══ DATASET ══

lemma sum_fp_local_factor_le:
  "(\<Sum>p\<in>Pset \<gamma> N. fp A \<gamma> N p * (real p / (real p + 1)) / real p powr sig A N
      * real p powr (1 / (2 * ln (ln N)))) \<le> ln N powr (3/4) * ln (ln N)"
proof -
  define L l where "L = ln N" and "l = ln (ln N)"
  have L_pos: "0 < L" and l_pos: "0 < l"
    using ln_N_gt_1 lln_gt_1 by (auto simp: L_def l_def)
  have "exp (l powr \<gamma>) \<le> exp (ln L / 4)"
    using lln_powr_\<gamma>_le by (simp add: L_def l_def)
  also have "\<dots> = L powr (1/4)"
    using L_pos by (simp add: powr_def)
  finally have exp_le: "exp (l powr \<gamma>) \<le> L powr (1/4)" .
  have "(\<Sum>p\<in>Pset \<gamma> N. fp A \<gamma> N p * (real p / (real p + 1)) / real p powr sig A N
      * real p powr (1 / (2 * ln (ln N)))) \<le> real (card (Pset \<gamma> N)) * L powr (-1/2)"
    unfolding L_def by (rule sum_bounded_above) (rule fp_local_factor_le)
  also have "\<dots> \<le> exp (l powr \<gamma>) * L * l * L powr (-1/2)"
    using card_Pset_le by (intro mult_right_mono) (auto simp: L_def l_def)
  also have "\<dots> \<le> L powr (1/4) * L powr 1 * L powr (-1/2) * l"
    using exp_le L_pos l_pos by (simp add: mult_right_mono)
  also have "\<dots> = L powr (1/4 + 1 + (-1/2)) * l"
    by (simp only: powr_add)
  also have "\<dots> = L powr (3/4) * l"
    by simp
  finally show ?thesis
    by (simp add: L_def l_def)
qed

lemma abs_SN_le:
  "\<bar>SN A \<gamma> \<epsilon> N\<bar> \<le> exp (ln N powr (3/4) * ln (ln N) - \<epsilon> * ln N / (2 * ln (ln N))) * \<bar>AN A \<gamma> N\<bar>"
proof -
  define F \<sigma> X \<delta> where "F = fp A \<gamma> N" and "\<sigma> = sig A N" and "X = N powr \<epsilon>"
    and "\<delta> = 1 / (2 * ln (ln N))"
  define D where "D = (\<Sum>\<^sub>\<infinity>n. (fm A \<gamma> N n)\<^sup>2)"
  have SN: "SN A \<gamma> \<epsilon> N = divisor_pair_sum F \<sigma> (\<lambda>n q. real q \<le> real n / X) / D"
    by (simp add: SN_def divisor_pair_sum_def fm_eq_sqf_mult F_def \<sigma>_def X_def D_def)
  have AN: "AN A \<gamma> N = divisor_pair_sum F \<sigma> (\<lambda>_ _. True) / D"
    by (simp add: AN_def divisor_pair_sum_def fm_eq_sqf_mult F_def \<sigma>_def D_def)
  note F_facts = finite_Pset prime_Pset fp_nonzero_imp_Pset[folded F_def] fp_nonneg[folded F_def]
  have X_pos: "0 < X" and \<delta>_nonneg: "0 \<le> \<delta>"
    using N_gt_1 ln_N_gt_1 by (simp_all add: X_def \<delta>_def)
  have "X powr (-\<delta>) = exp (- (\<epsilon> * ln N / (2 * ln (ln N))))"
    using N_gt_1 by (simp add: X_def \<delta>_def powr_powr powr_def)
  then have "X powr (-\<delta>) * exp (\<Sum>p\<in>Pset \<gamma> N. F p * (real p / (real p + 1)) / real p powr \<sigma> * real p powr \<delta>)
      \<le> exp (ln N powr (3/4) * ln (ln N) - \<epsilon> * ln N / (2 * ln (ln N)))"
    using sum_fp_local_factor_le by (simp add: F_def \<sigma>_def \<delta>_def flip: exp_add)
  then have "divisor_pair_sum F \<sigma> (\<lambda>n q. real q \<le> real n / X)
      \<le> exp (ln N powr (3/4) * ln (ln N) - \<epsilon> * ln N / (2 * ln (ln N))) * divisor_pair_sum F \<sigma> (\<lambda>_ _. True)"
    using divisor_pair_sum_restricted_le[OF F_facts X_pos \<delta>_nonneg, where s = \<sigma>]
      divisor_pair_sum_nonneg[OF F_facts, where s = \<sigma> and C = "\<lambda>_ _. True"]
    by (meson mult_right_mono order.trans)
  moreover have "0 \<le> divisor_pair_sum F \<sigma> (\<lambda>n q. real q \<le> real n / X)"
    "0 \<le> divisor_pair_sum F \<sigma> (\<lambda>_ _. True)" "0 \<le> D"
    using F_facts by (simp_all add: divisor_pair_sum_nonneg D_def infsum_nonneg)
  ultimately show ?thesis
    unfolding SN AN by (simp add: divide_right_mono)
qed

end

theorem proposition3p3:
  fixes A \<gamma> \<epsilon> :: real
  assumes "A > 0" and "0 < \<gamma>" and "\<gamma> < 1 / (exp 1 - 1)" and "\<epsilon> > 0"
  shows "(\<lambda>N. SN A \<gamma> \<epsilon> N) \<in> o[at_top](\<lambda>N. AN A \<gamma> N)"
proof (rule smallo_if_eventually_le_vanishing_multiple)
  have "1 / (exp 1 - 1) \<le> (1::real)"
    using exp_ge_add_one_self[of 1] by simp
  then have "\<gamma> < 1"
    using assms(3) by linarith
  then have "eventually (\<lambda>N. 1 < N \<and> exp 1 \<le> ln (ln N) \<and> A / ln (ln N) \<le> 1/2
      \<and> ln (ln N) powr \<gamma> \<le> ln (ln N) / 4 \<and> ln (ln (ln N)) \<le> ln (ln N) / 2) at_top"
    by (intro eventually_conj; real_asymp)
  then show "eventually (\<lambda>N. norm (SN A \<gamma> \<epsilon> N)
      \<le> exp (ln N powr (3/4) * ln (ln N) - \<epsilon> * ln N / (2 * ln (ln N))) * norm (AN A \<gamma> N)) at_top"
    by eventually_elim (use abs_SN_le[OF assms(1)] in auto)
  show "((\<lambda>N. exp (ln N powr (3/4) * ln (ln N) - \<epsilon> * ln N / (2 * ln (ln N)))) \<longlongrightarrow> 0) at_top"
    using assms(4) by real_asymp
qed

end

═══

## ABOUT THIS EXERCISE
Could you give the records above again, exactly and in full?

## TASK ANSWER
lemma sum_fp_local_factor_le:
  "(\<Sum>p\<in>Pset \<gamma> N. fp A \<gamma> N p * (real p / (real p + 1)) / real p powr sig A N
      * real p powr (1 / (2 * ln (ln N)))) \<le> ln N powr (3/4) * ln (ln N)"
proof -
  define L l where "L = ln N" and "l = ln (ln N)"
  have L_pos: "0 < L" and l_pos: "0 < l"
    using ln_N_gt_1 lln_gt_1 by (auto simp: L_def l_def)
  have "exp (l powr \<gamma>) \<le> exp (ln L / 4)"
    using lln_powr_\<gamma>_le by (simp add: L_def l_def)
  also have "\<dots> = L powr (1/4)"
    using L_pos by (simp add: powr_def)
  finally have exp_le: "exp (l powr \<gamma>) \<le> L powr (1/4)" .
  have "(\<Sum>p\<in>Pset \<gamma> N. fp A \<gamma> N p * (real p / (real p + 1)) / real p powr sig A N
      * real p powr (1 / (2 * ln (ln N)))) \<le> real (card (Pset \<gamma> N)) * L powr (-1/2)"
    unfolding L_def by (rule sum_bounded_above) (rule fp_local_factor_le)
  also have "\<dots> \<le> exp (l powr \<gamma>) * L * l * L powr (-1/2)"
    using card_Pset_le by (intro mult_right_mono) (auto simp: L_def l_def)
  also have "\<dots> \<le> L powr (1/4) * L powr 1 * L powr (-1/2) * l"
    using exp_le L_pos l_pos by (simp add: mult_right_mono)
  also have "\<dots> = L powr (1/4 + 1 + (-1/2)) * l"
    by (simp only: powr_add)
  also have "\<dots> = L powr (3/4) * l"
    by simp
  finally show ?thesis
    by (simp add: L_def l_def)
qed

lemma abs_SN_le:
  "\<bar>SN A \<gamma> \<epsilon> N\<bar> \<le> exp (ln N powr (3/4) * ln (ln N) - \<epsilon> * ln N / (2 * ln (ln N))) * \<bar>AN A \<gamma> N\<bar>"
proof -
  define F \<sigma> X \<delta> where "F = fp A \<gamma> N" and "\<sigma> = sig A N" and "X = N powr \<epsilon>"
    and "\<delta> = 1 / (2 * ln (ln N))"
  define D where "D = (\<Sum>\<^sub>\<infinity>n. (fm A \<gamma> N n)\<^sup>2)"
  have SN: "SN A \<gamma> \<epsilon> N = divisor_pair_sum F \<sigma> (\<lambda>n q. real q \<le> real n / X) / D"
    by (simp add: SN_def divisor_pair_sum_def fm_eq_sqf_mult F_def \<sigma>_def X_def D_def)
  have AN: "AN A \<gamma> N = divisor_pair_sum F \<sigma> (\<lambda>_ _. True) / D"
    by (simp add: AN_def divisor_pair_sum_def fm_eq_sqf_mult F_def \<sigma>_def D_def)
  note F_facts = finite_Pset prime_Pset fp_nonzero_imp_Pset[folded F_def] fp_nonneg[folded F_def]
  have X_pos: "0 < X" and \<delta>_nonneg: "0 \<le> \<delta>"
    using N_gt_1 ln_N_gt_1 by (simp_all add: X_def \<delta>_def)
  have "X powr (-\<delta>) = exp (- (\<epsilon> * ln N / (2 * ln (ln N))))"
    using N_gt_1 by (simp add: X_def \<delta>_def powr_powr powr_def)
  then have "X powr (-\<delta>) * exp (\<Sum>p\<in>Pset \<gamma> N. F p * (real p / (real p + 1)) / real p powr \<sigma> * real p powr \<delta>)
      \<le> exp (ln N powr (3/4) * ln (ln N) - \<epsilon> * ln N / (2 * ln (ln N)))"
    using sum_fp_local_factor_le by (simp add: F_def \<sigma>_def \<delta>_def flip: exp_add)
  then have "divisor_pair_sum F \<sigma> (\<lambda>n q. real q \<le> real n / X)
      \<le> exp (ln N powr (3/4) * ln (ln N) - \<epsilon> * ln N / (2 * ln (ln N))) * divisor_pair_sum F \<sigma> (\<lambda>_ _. True)"
    using divisor_pair_sum_restricted_le[OF F_facts X_pos \<delta>_nonneg, where s = \<sigma>]
      divisor_pair_sum_nonneg[OF F_facts, where s = \<sigma> and C = "\<lambda>_ _. True"]
    by (meson mult_right_mono order.trans)
  moreover have "0 \<le> divisor_pair_sum F \<sigma> (\<lambda>n q. real q \<le> real n / X)"
    "0 \<le> divisor_pair_sum F \<sigma> (\<lambda>_ _. True)" "0 \<le> D"
    using F_facts by (simp_all add: divisor_pair_sum_nonneg D_def infsum_nonneg)
  ultimately show ?thesis
    unfolding SN AN by (simp add: divide_right_mono)
qed

end

theorem proposition3p3:
  fixes A \<gamma> \<epsilon> :: real
  assumes "A > 0" and "0 < \<gamma>" and "\<gamma> < 1 / (exp 1 - 1)" and "\<epsilon> > 0"
  shows "(\<lambda>N. SN A \<gamma> \<epsilon> N) \<in> o[at_top](\<lambda>N. AN A \<gamma> N)"
proof (rule smallo_if_eventually_le_vanishing_multiple)
  have "1 / (exp 1 - 1) \<le> (1::real)"
    using exp_ge_add_one_self[of 1] by simp
  then have "\<gamma> < 1"
    using assms(3) by linarith
  then have "eventually (\<lambda>N. 1 < N \<and> exp 1 \<le> ln (ln N) \<and> A / ln (ln N) \<le> 1/2
      \<and> ln (ln N) powr \<gamma> \<le> ln (ln N) / 4 \<and> ln (ln (ln N)) \<le> ln (ln N) / 2) at_top"
    by (intro eventually_conj; real_asymp)
  then show "eventually (\<lambda>N. norm (SN A \<gamma> \<epsilon> N)
      \<le> exp (ln N powr (3/4) * ln (ln N) - \<epsilon> * ln N / (2 * ln (ln N))) * norm (AN A \<gamma> N)) at_top"
    by eventually_elim (use abs_SN_le[OF assms(1)] in auto)
  show "((\<lambda>N. exp (ln N powr (3/4) * ln (ln N) - \<epsilon> * ln N / (2 * ln (ln N)))) \<longlongrightarrow> 0) at_top"
    using assms(4) by real_asymp
qed

end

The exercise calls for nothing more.